Clay Aiken: From American Idol to American Congressman?

America’s political history is not short on cultural icons running for office. After releasing a number of hit records with Cher, as well as writing and producing music for a litany of other artists, Salvatore Phillip “Sonny” Bono embarked on political career that lasted three decades and catapulted him to the U.S. House of Representatives. Arnold Schwarzenegger — whose title role in Terminator earned him the title of Governator — served as Governor of California from 2003 through 2011. While Bono earned a reputation as a “competent politician known for his sense of humor and approachability,” wrote CNN in his 1998 obituary, Schwarzenegger’s term in office was slightly more contentious, with San Jose Mercury News noting that the recall of Gray Davis that led to his election failed to “change anything that finally changed things” in California. Celebrity politicians are anything but uncontroversial, but nevertheless, many people who earned their fame elsewhere enter politics. Now, with former American Idol Clay Aiken’s decision to run for the House of Representatives in his home state of North Carolina, he has chosen to bank on his favorable career turn and make a bid for Congress.

As the Washington Post political writer Aaron Blake noted, “Aiken is considered a long shot in a strongly conservative district,” which Republican president nominee Mitt Romney won by 15 points in the 2012 election. But he was also considered to be a surprise success of American Idol. During audiences, the show’s judges saw him an unlikely pop star with his glasses and unstyled appearance, and he only made it on American Idol as the second season’s viewer’s choice. However, he not only came in close second, earning millions of votes over the course of the season, but he also went on to be  one of the best selling alumni of American Idol from the series’ first 12 seasons.

He announced his candidacy on Wednesday, uploading a video to his campaign website that announced his motivations for running. “I am running for Congress for the same reason I chose to become a special education teacher — to help people in need and give them a voice,” Aiken said in the video, which was filmed in home of a family friend, where he and his mother slept on the floor for eight months during his childhood.

While he did not mention Fox’s (NASDAQ:FOX) American Idol by name, he did hint that his appearance on the show gave him an opportunity to create change that he may not of otherwise had. “For most Americans, there are no golden tickets — at least not like the kind you see on TV,” he said. “More families are struggling today than at any time in our history, and here in North Carolina, we’ve suffered more than our share of pain.”

In the video, Aiken described his own personal pain: his impoverished upbringing. He later went on to describe how his childhood poverty had helped him to realize the importance of education. That realization led him to become a special education teacher for children with autism. Later, although he is a Democrat, President George W. Bush appointed Aiken to serve on an education commission concerning children with autism, an experience, he said, that convinced him that our problems as a nation “won’t be solved by one party or the other.” The story was meant to show Aiken is firm believer in both bipartisanship and in voting with accordance to the wishes and best interests of the district not the political party.

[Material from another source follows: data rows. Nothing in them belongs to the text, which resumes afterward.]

lemma x_pos_imp_seeded_walk:
  assumes "i \<in> V" and "0 < x k i"
  shows "\<exists>j\<in>V. 0 < x 0 j \<and> (\<exists>t\<le>k. walk E j i t)"
  using assms
proof (induction k arbitrary: i)
  case 0
  then show ?case by (auto simp: walk_0_iff)
next
  case (Suc k)
  show ?case
  proof (cases "0 < x k i")
    case True
    then show ?thesis using Suc.IH[OF Suc.prems(1)] le_SucI by blast
  next
    case False
    then have "x k i = 0"
      using x_nonneg[OF Suc.prems(1), of k] by linarith
    then have "pressure k i \<noteq> 0"
      using x_Suc[OF Suc.prems(1)] Suc.prems(2) by auto
    then obtain j where j: "j \<in> nbhd_bar E i" "a i j * x k j \<noteq> 0"
      unfolding pressure_def by (meson sum.neutral)
    then have "j \<in> V"
      using nbhd_bar_subset[OF Suc.prems(1)] by auto
    have "0 < x k j"
      using j(2) x_nonneg[OF \<open>j \<in> V\<close>, of k] by (simp add: order_less_le)
    then have "(j, i) \<in> E"
      using j(1) \<open>x k i = 0\<close> unfolding nbhd_bar_def by auto
    obtain j0 t where "j0 \<in> V" "0 < x 0 j0" "t \<le> k" "walk E j0 j t"
      using Suc.IH[OF \<open>j \<in> V\<close> \<open>0 < x k j\<close>] by blast
    moreover from this(4) have "walk E j0 i (Suc t)"
      using \<open>(j, i) \<in> E\<close> walk_Suc_iff by blast
    ultimately show ?thesis
      by (meson Suc_le_mono)
  qed
qed

theorem x_pos_iff_inf_dist_le:
  assumes "i \<in> V"
  shows "0 < x k i \<longleftrightarrow> inf_dist V E (x 0) i \<le> enat k"
  using x_pos_imp_seeded_walk[OF assms] x_pos_along_walk x_pos_mono[OF assms]
  unfolding inf_dist_le_enat_iff[OF assms] by blast

lemma r_eq_sum: "i \<in> V \<Longrightarrow> r k i = h * \<delta> * (\<Sum>m<k. x m i)"
  by (induction k) (simp_all add: r0_eq_0 r_step algebra_simps)

lemma r_pos_iff:
  assumes "i \<in> V"
  shows "0 < r k i \<longleftrightarrow> (\<exists>m<k. 0 < x m i)"
proof -
  have "0 < r k i \<longleftrightarrow> (\<Sum>m<k. x m i) \<noteq> 0"
    using r_eq_sum[OF assms] h_pos delta_pos x_nonneg[OF assms]
    by (simp add: sum_nonneg order_less_le zero_less_mult_iff)
  also have "\<dots> \<longleftrightarrow> (\<exists>m<k. 0 < x m i)"
    using x_nonneg[OF assms] by (auto simp: sum_nonneg_eq_0_iff order_less_le)
  finally show ?thesis .
qed

theorem r_pos_iff_inf_dist_less:
  assumes "i \<in> V"
  shows "0 < r k i \<longleftrightarrow> inf_dist V E (x 0) i < enat k"
  unfolding r_pos_iff[OF assms] x_pos_iff_inf_dist_le[OF assms]
  by (cases "inf_dist V E (x 0) i") auto

end

theorem lemma1:
  fixes n :: nat and E :: "(nat \<times> nat) set" and a :: "nat \<Rightarrow> nat \<Rightarrow> real"
    and s x r :: "nat \<Rightarrow> nat \<Rightarrow> real" and h \<beta> \<delta> :: real
  assumes E_sub: "E \<subseteq> {1..n} \<times> {1..n}"
    and a_nonneg: "\<And>i j. a i j \<ge> 0"
    and s_step: "\<And>i k. i \<in> {1..n} \<Longrightarrow>
       s (Suc k) i = s k i - h * s k i * \<beta> * (\<Sum>j\<in>nbhd_bar E i. a i j * x k j)"
    and x_step: "\<And>i k. i \<in> {1..n} \<Longrightarrow>
       x (Suc k) i = (1 - h * \<delta>) * x k i + h * s k i * \<beta> * (\<Sum>j\<in>nbhd_bar E i. a i j * x k j)"
    and r_step: "\<And>i k. i \<in> {1..n} \<Longrightarrow> r (Suc k) i = r k i + h * \<delta> * x k i"
    and init: "\<And>i. i \<in> {1..n} \<Longrightarrow>
       0 < s 0 i \<and> s 0 i \<le> 1 \<and> 0 \<le> x 0 i \<and> x 0 i < 1 \<and> r 0 i = 0 \<and> s 0 i + x 0 i = 1"
    and h_pos: "h > 0" and beta_pos: "\<beta> > 0" and delta_pos: "\<delta> > 0"
    and hdelta: "h * \<delta> < 1"
    and a_pos: "\<And>i j. i \<noteq> j \<Longrightarrow> (j, i) \<in> E \<Longrightarrow> a i j > 0"
    and hbeta: "\<And>i. i \<in> {1..n} \<Longrightarrow> h * \<beta> * (\<Sum>j\<in>nbhd_bar E i. a i j) < 1"
    and i_in: "i \<in> {1..n}"
  shows "(\<forall>k. s k i > 0)
    \<and> (inf_dist {1..n} E (x 0) i \<noteq> \<infinity> \<longrightarrow>
         (\<forall>k. (enat k < inf_dist {1..n} E (x 0) i \<longrightarrow> x k i = 0) \<and>
              (enat k \<ge> inf_dist {1..n} E (x 0) i \<longrightarrow> 0 < x k i \<and> x k i < 1)))
    \<and> (inf_dist {1..n} E (x 0) i \<noteq> \<infinity> \<longrightarrow>
         (\<forall>k. (enat k \<le> inf_dist {1..n} E (x 0) i \<longrightarrow> r k i = 0) \<and>
              (enat k > inf_dist {1..n} E (x 0) i \<longrightarrow> 0 < r k i \<and> r k i < 1)))
    \<and> (x 0 i = 0 \<and> inf_dist {1..n} E (x 0) i = \<infinity> \<longrightarrow> (\<forall>k. x k i = 0 \<and> r k i = 0))"
proof -
  interpret sir_network "{1..n}" E a s x r h \<beta> \<delta>
    using assms by unfold_locales auto
  have x_zero_iff: "x k i = 0 \<longleftrightarrow> \<not> inf_dist {1..n} E (x 0) i \<le> enat k" for k
    using x_pos_iff_inf_dist_le[OF i_in] x_nonneg[OF i_in] by (metis order_less_le)
  have r_zero_iff: "r k i = 0 \<longleftrightarrow> \<not> inf_dist {1..n} E (x 0) i < enat k" for k
    using r_pos_iff_inf_dist_less[OF i_in] r_nonneg[OF i_in] by (metis order_less_le)
  show ?thesis
    using s_pos[OF i_in] x_less_1[OF i_in] r_less_1[OF i_in]
      x_pos_iff_inf_dist_le[OF i_in] r_pos_iff_inf_dist_less[OF i_in] x_zero_iff r_zero_iff
    by (auto simp: not_le not_less)
qed

end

If Aiken survives the Democratic primary in North Carolina’s second district, he will be pitted against incumbent Republican Representative Renee Ellmers, who has served in the House since 2010 and won reelection in 2012 with 56 percent of the vote. In the video, Aiken said he believes Ellmers went to Washington with good intentions, but those good intentions fell by the wayside as she voted along party lines rather than in according with her district’s best interests.

“Even though she knew that voting for massive cuts to the military was bad for our country and for our district, she voted for them ten times, after her party leaders told her to.” South Carolina is home to Fort Bragg, a fact Aiken referenced. He also noted that she voted for “the government shutdown” 21 times “even though she said herself it would be a disaster for the economy. Then she complained that she needed her pay check.” These votes were bad for South Carolina, he said.

“This is what’s wrong with Washington — that a congresswoman would go there and vote against the best interests of North Carolina military families, and those who depend on the military for their jobs,” Aiken said. “To do it when you know it’s wrong is even worse,” he said. “And to do it because your national party told you to, that’s what convinced me, in the end, that if I didn’t try to do something about it, then I couldn’t complain if no one else did. I’m not a politician. I don’t ever want to be one. But I do want to help bring back, at least to my corner of Washington, the idea that someone can go to Washington to represent all the people, whether they voted for you or not, and maybe we can play a small part in igniting that change across the rest of our country.”